Durante anos o "líder de opinião" predominava na primeira fase dos blogs, sendo gente que, situada ideologicamente entre a segunda divisão da grande mídia (aquela que parece mais "imparcial") e a facção acomodada da mídia esquerdista, pouco cumpria na sua promessa em exercer o senso crítico em prol da verdadeira informação.

Com a atual fase dos blogs mais voltada ao senso crítico e ao desconfiômetro das armadilhas do jogo político-midiático, soam hoje ridículos muitos dos procedimentos do "líder de opinião", que costumam enfeitar seus blogs com fotos de autoridades, sindicalistas e professores universitários, de preferência em trajes paisanos para não assustar, acham que fazem bom jornalismo assim, sobrecarregando o aspecto formalmente político.

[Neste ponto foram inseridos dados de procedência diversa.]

lemma size_eq_add_if_bst:
  assumes "bst t" "bst u" "bst v" "set_tree t = set_tree u \<union> set_tree v" "set_tree u \<inter> set_tree v = {}"
  shows "size t = size u + size v"
  using assms by (simp add: size_eq_card_if_bst card_Un_disjoint)

locale amortized_split_join =
  fixes split :: "'k::linorder tree \<Rightarrow> 'k \<Rightarrow> 'k tree \<times> 'k tree"
    and join :: "'k tree \<Rightarrow> 'k tree \<Rightarrow> 'k tree"
    and scost :: "'k tree \<Rightarrow> 'k \<Rightarrow> real"
    and jcost :: "'k tree \<Rightarrow> 'k tree \<Rightarrow> real"
    and \<Phi> :: "'k tree \<Rightarrow> real"
    and c :: real
  assumes split_spec: "\<And>T k L R. bst T \<Longrightarrow> split T k = (L, R) \<Longrightarrow>
             bst L \<and> bst R \<and> set_tree L = {x \<in> set_tree T. x < k} \<and> set_tree R = {x \<in> set_tree T. k < x}"
    and join_spec: "\<And>A B. bst A \<Longrightarrow> bst B \<Longrightarrow> (\<forall>x\<in>set_tree A. \<forall>y\<in>set_tree B. x < y) \<Longrightarrow>
             bst (join A B) \<and> set_tree (join A B) = set_tree A \<union> set_tree B"
    and pot_nonneg: "\<And>T. 0 \<le> \<Phi> T"
    and scost_nonneg: "\<And>T k. 0 \<le> scost T k"
    and c_nonneg: "0 \<le> c"
    and split_amortized: "\<And>T k L R. bst T \<Longrightarrow> split T k = (L, R) \<Longrightarrow>
             scost T k + \<Phi> L + \<Phi> R - \<Phi> T \<le> c * lg (min (size L) (size R))"
    and join_amortized: "\<And>A B. bst A \<Longrightarrow> bst B \<Longrightarrow> (\<forall>x\<in>set_tree A. \<forall>y\<in>set_tree B. x < y) \<Longrightarrow>
             jcost A B + \<Phi> (join A B) - \<Phi> A - \<Phi> B \<le> c * lg (min (size A) (size B))"
begin

lemma pot_Leaf: "\<Phi> Leaf = 0"
proof -
  fix k
  obtain L R where split: "split Leaf k = (L, R)"
    by fastforce
  then have "L = Leaf" "R = Leaf"
    using split_spec[OF _ split] by auto
  then have "scost Leaf k + \<Phi> Leaf \<le> 0"
    using split_amortized[OF _ split] by simp
  then show ?thesis
    using scost_nonneg[of Leaf k] pot_nonneg[of Leaf] by linarith
qed

lemma split_at_Max:
  assumes "bst T" and "set_tree B \<inter> set_tree T = {}"
    and LR: "(L, R) = (if B = Leaf then (Leaf, T) else split T (Max (set_tree B)))"
  shows "bst L \<and> bst R \<and> set_tree T = set_tree L \<union> set_tree R \<and>
           (\<forall>x\<in>set_tree L. \<exists>b\<in>set_tree B. x < b) \<and> (\<forall>x\<in>set_tree R. \<forall>b\<in>set_tree B. b < x)" (is ?pieces)
    and "(if B = Leaf then 0 else scost T (Max (set_tree B))) + \<Phi> L + \<Phi> R - \<Phi> T
           \<le> c * lg (min (size L) (size R))" (is ?cost)
proof -
  have "?pieces \<and> ?cost"
  proof (cases "B = Leaf")
    case True
    with assms show ?thesis
      by (simp add: pot_Leaf)
  next
    case False
    let ?b = "Max (set_tree B)"
    have split_T: "split T ?b = (L, R)"
      using False LR by simp
    have L: "set_tree L = {x \<in> set_tree T. x < ?b}" and R: "set_tree R = {x \<in> set_tree T. ?b < x}"
      using split_spec[OF assms(1) split_T] by blast+
    have "?b \<in> set_tree B"
      using False by (simp add: Max_in)
    then have "x < ?b \<or> ?b < x" if "x \<in> set_tree T" for x
      using that assms(2) by (metis disjoint_iff neq_iff)
    then have "set_tree T = set_tree L \<union> set_tree R"
      unfolding L R by blast
    moreover have "\<forall>x\<in>set_tree L. \<exists>b\<in>set_tree B. x < b"
      using L \<open>?b \<in> set_tree B\<close> by blast
    moreover have "\<forall>x\<in>set_tree R. \<forall>b\<in>set_tree B. b < x"
      using R False by simp
    moreover have "bst L" "bst R"
      using split_spec[OF assms(1) split_T] by blast+
    moreover have ?cost
      using split_amortized[OF assms(1) split_T] False by simp
    ultimately show ?thesis
      by blast
  qed
  then show ?pieces ?cost
    by blast+
qed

Selecionamos aqui alguns dos procedimentos dos "líderes de opinião", que até pouco tempo atrás arrebanhavam multidões de internautas, que eram atraídos para seus blogs menos pelas ideias apresentadas e mais pelo cartaz e pela visibilidade que os responsáveis destes blogs possuem na sociedade. Ei-los, então:

1) Consumidor de informação, ele se comporta feito criança que vê o Papai Noel toda vez que uma emissora de rádio FM cria um novo programa de falatório prolongado ou de debateboca esportivo.

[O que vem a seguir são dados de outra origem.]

(* Let $u:\mathbb{T}\to\mathbb{R}$ be smooth with finitely many critical points, let $A$ be the zero set of $u'$, let $\eta>0$ be sufficiently small, let $\tilde v>0$ be deterministic and $\omega>0$. Then, with parameters $(\nu,t,y)$ ranging over $\nu\in(0,1]$, $t\in(0,\nu^{-1}]$, $y\in\mathbb{T}$ (and with the threshold on $\epsilon$ depending only on $\omega,u,\tilde v,\eta$), $$\det(M_t)(y)\le\epsilon\,\tilde v\,t^{\omega+3}\nu^{\omega}\ \Rightarrow_\epsilon\ \sup_{s\le t}\mathrm{dist}(y+\sqrt\nu B_s,A)\le\eta .$$ Moreover, suppose $u$ has a critical point of order $n$ at $y_0$ and $\eta=\eta(y_0)>0$ is small enough that for $|z-y_0|\le\eta$, $$c_1|z-y_0|^n\le|u'(z)|\le c_2|z-y_0|^n,\qquad c_3|z-y_0|^{n-1}\le|u''(z)|\le c_4|z-y_0|^{n-1}$$ for some constants $c_1,\dots,c_4>0$. Then for $|y-y_0|<\eta$, $$\det(M_t)(y)\le\epsilon\,\tilde v\,t^{\omega+3}\nu^{\omega}\ \Rightarrow_\epsilon\ h(y,\nu,t)\le c(u)\sup_{s\in[0,t]}|y-y_0+\sqrt\nu B_s|^{n-1},$$ with $c(u)$ a constant depending only on $u$.
   Context: $(B_t)$ is a standard Brownian motion; $u',u''$ are viewed as $2\pi$-periodic functions on $\mathbb{R}$ and distances are taken on $\mathbb{T}$. $\det(M_t)(y):=\int_0^t\big(\int_r^t u'(y+\sqrt\nu B_s)\,ds-\frac1t\int_0^t\int_m^t u'(y+\sqrt\nu B_s)\,ds\,dm\big)^2dr$ and $h(y,\nu,t)=\sup_{s,z\in[0,t],\,\tau\in[0,1]}|u''(y+\sqrt\nu(\tau B_s+(1-\tau)B_z))|$. A critical point $y_0$ has order $n\ge1$ if $u'(y_0)=\dots=u^{(n)}(y_0)=0\neq u^{(n+1)}(y_0)$. Almost-false terminology: a family of events $A^\zeta_\epsilon$ is almost false if for every $p>0$ there exist $C_p,\epsilon_0>0$ independent of the parameters $\zeta$ with $\mathbb P(A^\zeta_\epsilon)\le C_p\epsilon^p$ for all $\zeta$ and $\epsilon\in(0,\epsilon_0]$; $A\Rightarrow_\epsilon B$ means $A\setminus B$ is almost false. *)

theory Defs
  imports "HOL-Probability.Probability"
begin

definition std_BM :: "'a measure \<Rightarrow> (real \<Rightarrow> 'a \<Rightarrow> real) \<Rightarrow> bool" where
  "std_BM M B \<longleftrightarrow>
     prob_space M \<and>
     (\<forall>t\<ge>0. B t \<in> borel_measurable M) \<and>
     (\<forall>\<omega>\<in>space M. B 0 \<omega> = 0 \<and> continuous_on {0..} (\<lambda>t. B t \<omega>)) \<and>
     (\<forall>s t. 0 \<le> s \<and> s < t \<longrightarrow>
        distributed M lborel (\<lambda>\<omega>. B t \<omega> - B s \<omega>)
          (\<lambda>x. ennreal (normal_density 0 (sqrt (t - s)) x))) \<and>
     (\<forall>(n::nat) (ts::nat \<Rightarrow> real). (\<forall>i<n. 0 \<le> ts i \<and> ts i < ts (Suc i)) \<longrightarrow>
        prob_space.indep_vars M (\<lambda>_. borel)
          (\<lambda>i \<omega>. B (ts (Suc i)) \<omega> - B (ts i) \<omega>) {..<n})"

text \<open>Smooth 2pi-periodic real function (a smooth function on the torus).\<close>
definition smooth_periodic :: "(real \<Rightarrow> real) \<Rightarrow> bool" where
  "smooth_periodic u \<longleftrightarrow>
     (\<forall>k x. (deriv ^^ k) u differentiable (at x)) \<and> (\<forall>x. u (x + 2 * pi) = u x)"

definition tdist :: "real \<Rightarrow> real \<Rightarrow> real" where
  "tdist x y = (INF k::int. \<bar>x - y - 2 * pi * real_of_int k\<bar>)"

definition detM :: "(real \<Rightarrow> real) \<Rightarrow> (real \<Rightarrow> 'a \<Rightarrow> real) \<Rightarrow> real \<Rightarrow> real \<Rightarrow> real \<Rightarrow> 'a \<Rightarrow> real" where
  "detM u B \<nu> t y \<omega> =
     integral {0..t} (\<lambda>r.
       (integral {r..t} (\<lambda>s. deriv u (y + sqrt \<nu> * B s \<omega>))
        - (1 / t) * integral {0..t} (\<lambda>m. integral {m..t} (\<lambda>s. deriv u (y + sqrt \<nu> * B s \<omega>))))\<^sup>2)"

definition hfun :: "(real \<Rightarrow> real) \<Rightarrow> (real \<Rightarrow> 'a \<Rightarrow> real) \<Rightarrow> real \<Rightarrow> real \<Rightarrow> real \<Rightarrow> 'a \<Rightarrow> real" where
  "hfun u B y \<nu> t \<omega> =
     Sup ((\<lambda>(s, z, \<tau>). \<bar>deriv (deriv u) (y + sqrt \<nu> * (\<tau> * B s \<omega> + (1 - \<tau>) * B z \<omega>))\<bar>)
          ` ({0..t} \<times> {0..t} \<times> {0..1}))"

text \<open>Almost false family of events indexed by parameters in Z and epsilon > 0.
  The probability bound is stated via a measurable superset (outer probability),
  so no measurability of the events needs to be assumed.\<close>
definition almost_false :: "'a measure \<Rightarrow> ('z \<Rightarrow> real \<Rightarrow> 'a set) \<Rightarrow> 'z set \<Rightarrow> bool" where
  "almost_false M A Z \<longleftrightarrow>
     (\<forall>p>0. \<exists>C \<epsilon>0. C > 0 \<and> \<epsilon>0 > 0 \<and>
        (\<forall>\<zeta>\<in>Z. \<forall>\<epsilon>. 0 < \<epsilon> \<and> \<epsilon> \<le> \<epsilon>0 \<longrightarrow>
           (\<exists>E\<in>sets M. A \<zeta> \<epsilon> \<subseteq> E \<and> measure M E \<le> C * \<epsilon> powr p)))"

definition implies_eps :: "'a measure \<Rightarrow> ('z \<Rightarrow> real \<Rightarrow> 'a set) \<Rightarrow> ('z \<Rightarrow> real \<Rightarrow> 'a set) \<Rightarrow> 'z set \<Rightarrow> bool" where
  "implies_eps M A B Z \<longleftrightarrow> almost_false M (\<lambda>\<zeta> \<epsilon>. A \<zeta> \<epsilon> - B \<zeta> \<epsilon>) Z"

end

theory Submission
  imports Defs
begin

text \<open>If the path y + \<surd>\<nu> B leaves the \<eta>-neighbourhood of the critical set at some time s0
  while B has no large increments on dyadic intervals of length L = t / 2^m, then on a window of
  length L next to s0 the path stays \<eta>/2 away from the critical set, where \<bar>u'\<bar> \<ge> \<delta>. The primitive
  r \<mapsto> integral {r..t} u'(y + \<surd>\<nu> B) then moves at speed \<ge> \<delta> on the window, which forces
  det(M_t) \<ge> \<delta>^2 L^3 / 64. Choosing (1/8)^m comparable to \<epsilon> (t\<nu>)^\<omega>' makes this exceed the threshold,
  while Gaussian moment bounds and a union bound over dyadic intervals show that large dyadic
  increments occur with probability O(\<epsilon>^p) for every p.

  The second statement is deterministic: \<bar>u''(x)\<bar> \<le> c \<bar>x - y0\<bar>^(n-1) everywhere (near y0 by
  hypothesis, elsewhere because u'' is bounded), and h only evaluates u'' between two points of the
  path.\<close>

definition dyadic_floor :: "nat \<Rightarrow> real \<Rightarrow> real" where
  "dyadic_floor k x = of_int \<lfloor>x * 2^k\<rfloor> / 2^k"

lemma dyadic_floor_bounds:
  assumes "0 \<le> x" "x \<le> 1"
  shows "0 \<le> dyadic_floor k x" "dyadic_floor k x \<le> 1"
proof -
  have "0 \<le> \<lfloor>x * 2^k\<rfloor>" using assms by simp
  then show "0 \<le> dyadic_floor k x" by (simp add: dyadic_floor_def)
  have "of_int \<lfloor>x * 2^k\<rfloor> \<le> x * 2^k" by simp
  also have "\<dots> \<le> 2^k" using assms by simp
  finally show "dyadic_floor k x \<le> 1" by (simp add: dyadic_floor_def)
qed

2) Copia textos de outros blogs não por questão de necessidade ou contexto, mas porque quer se apropriar do prestígio da fonte original do texto copiado, por pura vaidade.

3) Odeia os políticos corruptos, até o momento em que qualquer um deles adquira uma frequência em rádio FM para implantar uma programação "informativa". Aí o "lider de opinião" vai exaltar o corrupto até quando for possível, ansioso por mais uma arena de visibilidade para aquele.

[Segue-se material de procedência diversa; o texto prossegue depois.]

lemma convergent_to_zero_imp_small_power:
  fixes M :: "real^'n^'n"
  assumes "convergent_to_zero M" and "0 < \<epsilon>"
  shows "\<exists>n>0. \<forall>x. norm (mpow M n *v x) \<le> \<epsilon> * norm x"
proof -
  define s where "s n = (\<Sum>i\<in>UNIV. \<Sum>j\<in>UNIV. \<bar>mpow M n $ i $ j\<bar>)" for n
  have "(\<lambda>n. s (Suc n)) \<longlonglongrightarrow> 0"
    using LIMSEQ_Suc[OF mpow_entries_abs_sum_tendsto_zero[OF assms(1)]] unfolding s_def .
  from order_tendstoD(2)[OF this assms(2)] obtain n where "s (Suc n) < \<epsilon>"
    by (auto simp: eventually_sequentially)
  then have "norm (mpow M (Suc n) *v x) \<le> \<epsilon> * norm x" for x
    using norm_matrix_vector_mult_le[of "mpow M (Suc n)" x] mult_right_mono[of "s (Suc n)" \<epsilon> "norm x"]
    unfolding s_def by simp
  then show ?thesis
    by blast
qed

lemma funpow_bound:
  fixes \<Phi> :: "'a \<Rightarrow> 'a" and M :: "real^'n^'n"
  assumes step: "\<And>p q D. bound p q D \<Longrightarrow> bound (\<Phi> p) (\<Phi> q) (M *v D)" and "bound p q D"
  shows "bound ((\<Phi> ^^ n) p) ((\<Phi> ^^ n) q) (mpow M n *v D)"
proof (induction n)
  case 0
  then show ?case
    using assms(2) by simp
next
  case (Suc n)
  then show ?case
    using step[OF Suc] by (simp add: matrix_vector_mul_assoc)
qed

text \<open>The vector-valued metric of Perov's theorem is replaced by a relation: \<open>bound p q D\<close> says
  that \<open>D\<close> bounds the vector distance of \<open>p\<close> and \<open>q\<close>. It only has to control the metric on the
  range of \<open>\<Phi>\<close>.\<close>

lemma vector_contraction_imp_unique_fixpoint:
  fixes \<Phi> :: "'a::complete_space \<Rightarrow> 'a" and M :: "real^'n^'n"
    and bound :: "'a \<Rightarrow> 'a \<Rightarrow> real^'n \<Rightarrow> bool"
  assumes M: "convergent_to_zero M" and C: "0 \<le> A" "0 \<le> B"
    and step: "\<And>p q D. bound p q D \<Longrightarrow> bound (\<Phi> p) (\<Phi> q) (M *v D)"
    and init: "\<And>p q. \<exists>D. bound p q D \<and> norm D \<le> A * dist p q"
    and range: "\<And>p q D. bound (\<Phi> p) (\<Phi> q) D \<Longrightarrow> dist (\<Phi> p) (\<Phi> q) \<le> B * norm D"
  shows "\<exists>!p. \<Phi> p = p"
proof -
  define \<epsilon> where "\<epsilon> = 1 / (2 * (A * B + 1))"
  have "0 < \<epsilon>"
    using C unfolding \<epsilon>_def by (simp add: add_nonneg_pos)
  obtain n where "0 < n" and n: "\<And>x. norm (mpow M n *v x) \<le> \<epsilon> * norm x"
    using convergent_to_zero_imp_small_power[OF M \<open>0 < \<epsilon>\<close>] by auto
  then obtain m where m: "n = Suc m"
    using gr0_implies_Suc by blast
  have "dist ((\<Phi> ^^ n) p) ((\<Phi> ^^ n) q) \<le> 1/2 * dist p q" for p q
  proof -
    obtain D where D: "bound p q D" "norm D \<le> A * dist p q"
      using init by blast
    have "dist ((\<Phi> ^^ n) p) ((\<Phi> ^^ n) q) \<le> B * norm (mpow M n *v D)"
      using range[of "(\<Phi> ^^ m) p" "(\<Phi> ^^ m) q"] m
        funpow_bound[where bound = bound and \<Phi> = \<Phi> and M = M, OF step D(1), of n]
      by simp
    also have "\<dots> \<le> B * (\<epsilon> * (A * dist p q))"
    proof (rule mult_left_mono[OF _ C(2)])
      have "\<epsilon> * norm D \<le> \<epsilon> * (A * dist p q)"
        using D(2) \<open>0 < \<epsilon>\<close> by (intro mult_left_mono) auto
      then show "norm (mpow M n *v D) \<le> \<epsilon> * (A * dist p q)"
        using n[of D] by linarith
    qed
    also have "\<dots> = (A * B) / (2 * (A * B + 1)) * dist p q"
      unfolding \<epsilon>_def by (simp add: field_simps)
    also have "\<dots> \<le> 1/2 * dist p q"
    proof (rule mult_right_mono)
      have "0 \<le> A * B"
        using C by simp
      then show "A * B / (2 * (A * B + 1)) \<le> 1/2"
        by (simp add: divide_le_eq)
    qed simp
    finally show ?thesis .
  qed
  then show ?thesis
    by (intro iterate_contraction_imp_unique_fixpoint[where c = "1/2" and m = n]) auto
qed

section \<open>Bounded \<open>C\<^sub>0\<close>-semigroups and the Duhamel integral\<close>

locale bounded_C0_semigroup =
  fixes S :: "real \<Rightarrow> ('a::banach \<Rightarrow>\<^sub>L 'a)" and L C :: real
  assumes C0: "C0_semigroup S" and bounded: "\<forall>t\<in>{0..L}. norm (S t) \<le> C"
begin

lemma norm_apply_le: "t \<in> {0..L} \<Longrightarrow> norm (S t v) \<le> C * norm v"
  by (meson bounded mult_right_mono norm_blinfun norm_ge_zero order_trans)

lemma bound_nonneg: "0 \<le> L \<Longrightarrow> 0 \<le> C"
  using bounded order_trans[OF norm_ge_zero, of "S 0" C] by simp

lemma apply_add: "0 \<le> t \<Longrightarrow> 0 \<le> s \<Longrightarrow> S (t + s) v = S t (S s v)"
  using C0 unfolding C0_semigroup_def by auto

lemma apply_zero [simp]: "S 0 v = v"
  using C0 unfolding C0_semigroup_def by auto

lemma orbit_dist_le:
  assumes "r \<in> {0..L}" "r' \<in> {0..L}"
  shows "norm (S r v - S r' v) \<le> C * norm (S \<bar>r - r'\<bar> v - v)"
proof -
  have le: "norm (S r v - S r' v) \<le> C * norm (S (r' - r) v - v)"
    if "r \<in> {0..L}" "r \<le> r'" for r r'
  proof -
    have "S r v - S r' v = S r (v - S (r' - r) v)"
      using apply_add[of r "r' - r" v] that by (simp add: blinfun.diff_right)
    then show ?thesis
      using norm_apply_le[OF that(1)] by (simp add: norm_minus_commute)
  qed
  show ?thesis
  proof (cases "r \<le> r'")
    case True
    then show ?thesis using le[OF assms(1)] by simp
  next
    case False
    then show ?thesis using le[OF assms(2), of r] by (simp add: norm_minus_commute)
  qed
qed

lemma continuous_on_orbit: "continuous_on {0..L} (\<lambda>t. S t v)"
  unfolding continuous_on_def
proof
  fix r assume r: "r \<in> {0..L}"
  have "((\<lambda>t. \<bar>t - r\<bar>) \<longlongrightarrow> 0) (at r within {0..L})"
    by (intro tendsto_rabs_zero LIM_zero tendsto_ident_at)
  moreover have "\<forall>\<^sub>F t in at r within {0..L}. \<bar>t - r\<bar> \<in> {0<..} \<and> \<bar>t - r\<bar> \<noteq> 0"
    unfolding eventually_at_filter by (rule always_eventually) auto
  ultimately have "filterlim (\<lambda>t. \<bar>t - r\<bar>) (at_right 0) (at r within {0..L})"
    unfolding filterlim_at by blast
  moreover have "((\<lambda>h. S h v) \<longlongrightarrow> v) (at_right 0)"
    using C0 unfolding C0_semigroup_def by blast
  ultimately have "((\<lambda>t. S \<bar>t - r\<bar> v) \<longlongrightarrow> v) (at r within {0..L})"
    by (rule filterlim_compose[rotated])
  then have "((\<lambda>t. C * norm (S \<bar>t - r\<bar> v - v)) \<longlongrightarrow> 0) (at r within {0..L})"
    by (intro tendsto_mult_right_zero tendsto_norm_zero LIM_zero)
  moreover have "\<forall>\<^sub>F t in at r within {0..L}. norm (S t v - S r v) \<le> C * norm (S \<bar>t - r\<bar> v - v)"
    unfolding eventually_at_filter using r by (intro always_eventually) (auto intro: orbit_dist_le)
  ultimately have "((\<lambda>t. S t v - S r v) \<longlongrightarrow> 0) (at r within {0..L})"
    by (rule Lim_null_comparison[rotated])
  then show "((\<lambda>t. S t v) \<longlongrightarrow> S r v) (at r within {0..L})"
    by (rule LIM_zero_cancel)
qed

lemma continuous_on_apply:
  assumes \<tau>: "continuous_on K \<tau>" "\<tau> ` K \<subseteq> {0..L}" and h: "continuous_on K h"
  shows "continuous_on K (\<lambda>z. S (\<tau> z) (h z))"
  unfolding continuous_on_def
proof
  fix z assume z: "z \<in> K"
  have "continuous_on K (\<lambda>z'. S (\<tau> z') (h z))"
    by (rule continuous_on_compose2[OF continuous_on_orbit \<tau>])
  then have orbit: "((\<lambda>z'. S (\<tau> z') (h z)) \<longlongrightarrow> S (\<tau> z) (h z)) (at z within K)"
    using z unfolding continuous_on_def by blast
  have "((\<lambda>z'. C * norm (h z' - h z)) \<longlongrightarrow> 0) (at z within K)"
    using h z unfolding continuous_on_def
    by (intro tendsto_mult_right_zero tendsto_norm_zero LIM_zero) blast
  moreover have "\<forall>\<^sub>F z' in at z within K. norm (S (\<tau> z') (h z' - h z)) \<le> C * norm (h z' - h z)"
    using \<tau>(2) by (auto simp: eventually_at_filter intro!: always_eventually norm_apply_le)
  ultimately have "((\<lambda>z'. S (\<tau> z') (h z' - h z)) \<longlongrightarrow> 0) (at z within K)"
    by (rule Lim_null_comparison[rotated])
  from tendsto_add[OF this orbit]
  show "((\<lambda>z'. S (\<tau> z') (h z')) \<longlongrightarrow> S (\<tau> z) (h z)) (at z within K)"
    by (simp add: blinfun.diff_right)
qed

definition duhamel :: "(real \<Rightarrow> 'a) \<Rightarrow> real \<Rightarrow> 'a" where
  "duhamel w t = integral {0..t} (\<lambda>s. S (t - s) (w s))"

lemma integrable_duhamel_integrand:
  "continuous_on {0..t} w \<Longrightarrow> t \<le> L \<Longrightarrow> (\<lambda>s. S (t - s) (w s)) integrable_on {0..t}"
  by (intro integrable_continuous_interval continuous_on_apply continuous_intros) auto

lemma duhamel_zero [simp]: "duhamel w 0 = 0"
  by (simp add: duhamel_def)

lemma duhamel_cong: "(\<And>s. s \<in> {0..t} \<Longrightarrow> w s = w' s) \<Longrightarrow> duhamel w t = duhamel w' t"
  unfolding duhamel_def by (rule integral_cong) auto

lemma duhamel_diff:
  assumes "continuous_on {0..t} w" "continuous_on {0..t} w'" "t \<le> L"
  shows "duhamel w t - duhamel w' t = duhamel (\<lambda>s. w s - w' s) t"
  unfolding duhamel_def
  by (simp add: integral_diff[symmetric] integrable_duhamel_integrand assms blinfun.diff_right)

lemma norm_apply_duhamel_le:
  assumes w: "continuous_on {0..t} w" and t: "0 \<le> t0" "t0 + t \<le> L"
    and g: "g integrable_on {0..t}" "\<And>s. s \<in> {0..t} \<Longrightarrow> norm (w s) \<le> g s"
  shows "norm (S t0 (duhamel w t)) \<le> C * integral {0..t} g"
proof -
  have "S t0 (duhamel w t) = integral {0..t} (\<lambda>s. S t0 (S (t - s) (w s)))"
    unfolding duhamel_def using w t
    by (intro integral_blinfun_apply[symmetric] integrable_duhamel_integrand) auto
  also have "\<dots> = integral {0..t} (\<lambda>s. S (t0 + (t - s)) (w s))"
    using t by (intro integral_cong) (auto simp: apply_add)
  also have "norm \<dots> \<le> integral {0..t} (\<lambda>s. C * g s)"
  proof (rule integral_norm_bound_integral)
    show "(\<lambda>s. S (t0 + (t - s)) (w s)) integrable_on {0..t}"
      using w t by (intro integrable_continuous_interval continuous_on_apply continuous_intros) auto
    show "(\<lambda>s. C * g s) integrable_on {0..t}"
      using g(1) by (rule integrable_on_mult_right)
    show "norm (S (t0 + (t - s)) (w s)) \<le> C * g s" if "s \<in> {0..t}" for s
    proof -
      have "norm (S (t0 + (t - s)) (w s)) \<le> C * norm (w s)"
        using that t by (intro norm_apply_le) auto
      also have "\<dots> \<le> C * g s"
        using g(2)[OF that] bound_nonneg that t by (intro mult_left_mono) auto
      finally show ?thesis .
    qed
  qed
  finally show ?thesis
    by (simp only: integral_mult_right)
qed

lemma duhamel_rescaled:
  assumes w: "continuous_on {0..t} w" and t: "0 \<le> t" "t \<le> L"
  shows "duhamel w t = t *\<^sub>R integral {0..1} (\<lambda>u. S (t - t * u) (w (t * u)))"
proof (cases "t = 0")
  case True
  then show ?thesis
    by (simp add: duhamel_def)
next
  case False
  with t have "0 < t"
    by simp
  have "((\<lambda>s. S (t - s) (w s)) has_integral duhamel w t) (cbox 0 t)"
    unfolding duhamel_def using integrable_duhamel_integrand[OF w t(2)]
    by (simp add: integrable_integral)
  from has_integral_affinity'[OF this \<open>0 < t\<close>, of 0]
  have "((\<lambda>u. S (t - t * u) (w (t * u))) has_integral duhamel w t /\<^sub>R t) {0..1}"
    using \<open>0 < t\<close> by simp
  then show ?thesis
    using \<open>0 < t\<close> by (simp add: integral_unique)
qed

4) O "líder de opinião" foi um dos últimos a saber que a Folha de São Paulo é, de fato, um periódico ultra-conservador. Parecia que era ontem que o "líder de opinião" se vangloriava de ter o mundo em suas mãos só porque era assinante da Folha de São Paulo, jornal que ele, de forma triunfante, ostentava feliz e altivo para os amigos.

5) O "líder de opinião" diz odiar a Rede Globo e adora escrever ou copiar textos falando mal da referida rede de televisão. Mas, na intimidade, fica feliz em assistir ao Domingão do Faustão, Fantástico, Globo Esporte e Esporte Espetacular, programas aos quais ele assiste religiosamente. No fundo, ele amaldiçoa apenas o Jornal Nacional.

6) Na mídia esportiva, quando o assunto é ufanismo esportivo, ele se limita a falar mal de Galvão Bueno, mas diante de procedimentos similares no restante do showrnalismo esportivo, ele mantém sua alegria de criança inocente.

7) Acredita que a grande mídia só existe através de mega-corporações com escritórios na Av. Paulista. Fora isso, incluídas suas afiliadas, ele acha que a mídia restante é "cidadã" e "responsável".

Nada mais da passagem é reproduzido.